“Perchance the future may reserve for me
A happiness whose hope I now resign:
Perchance amid the busy world may be
Some soul responsive still to mine.”
He was also a member of the Legation to England and afterward became Secretary to the French Embassy at Naples. In 1824 he was appointed Chargé d’Affaires to Tuscany, and remained in that position five years. He made the acquaintance of Louis Bonaparte, the former King of Holland, who was a scientist and philosopher rather than a statesman. Queen Hortense also attempted to have an interview with him, but this he carefully evaded. His mother, however, was a relative of the wife of Lucien Bonaparte and he met several members of that family under circumstances somewhat romantic. Pierre Bonaparte was with him at Paris in the Revolution of 1848.
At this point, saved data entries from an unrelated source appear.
lemma adjoint_mat_of_cols_corthogonal:
  assumes ws: "set ws \<subseteq> carrier_vec n" "corthogonal ws" "length ws = n"
  shows "mat_adjoint (mat_of_cols n ws) * mat_of_cols n ws = real_diag n (\<lambda>j. Re (ws ! j \<bullet>c ws ! j))"
proof (rule eq_matI)
  fix i j assume "i < dim_row (real_diag n (\<lambda>j. Re (ws ! j \<bullet>c ws ! j)))"
    "j < dim_col (real_diag n (\<lambda>j. Re (ws ! j \<bullet>c ws ! j)))"
  then have ij: "i < n" "j < n" by simp_all
  then have "ws ! i \<in> carrier_vec n" "ws ! j \<in> carrier_vec n"
    using ws(1,3) by (metis nth_mem subsetD)+
  then have [simp]: "dim_vec (ws ! i) = n" "dim_vec (ws ! j) = n" by (metis carrier_vecD)+
  have "(mat_adjoint (mat_of_cols n ws) * mat_of_cols n ws) $$ (i, j) = ws ! j \<bullet>c ws ! i"
    using ij ws(3) by (simp add: scalar_prod_def mat_of_cols_index mult.commute)
  also have "\<dots> = real_diag n (\<lambda>j. Re (ws ! j \<bullet>c ws ! j)) $$ (i, j)"
  proof (cases "i = j")
    case True
    then show ?thesis using ij ws(3) corthogonal_cscalar_prod_self(1)[OF ws(2), of i] by (metis index_real_diag)
  next
    case False
    then show ?thesis using ij ws(3) corthogonalD[OF ws(2), of j i] by simp
  qed
  finally show "(mat_adjoint (mat_of_cols n ws) * mat_of_cols n ws) $$ (i, j) =
      real_diag n (\<lambda>j. Re (ws ! j \<bullet>c ws ! j)) $$ (i, j)" .
qed (use ws(3) in simp_all)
His older uncle died in 1823, and he became heir of the estates. This uncle was known as M. de Lamartine de Monceau and was by seniority the head of the family. He had never married because his parents opposed the choice he had made. He was thrifty and had increased the value of his property. Lamartine now took his uncle’s designation.
The marriage of Lamartine took place during this period. The bride was Miss Marianne Birch, an English lady of beauty and fortune. She was of amiable disposition and Lamartine’s mother became warmly attached to her.
Neither the accession of wealth, his aristocratic rank, nor diplomatic engagements deterred him from literary composition. In 1823 the Nouvelles Meditations were published, and two years later, The Last Canto of Childe Harold. Lamartine afterward described this latter work as a servile imitation in which his enthusiasm as a copyist and its success were alike “mediocre”—a punishment for feigning an admiration which was not altogether sincere. He had, likewise, another penalty to encounter. Two lines in it are versified in English as follows:
“I seek elsewhere (forgive, O Roman shade!)
For men, and not the dust of which they’re made.”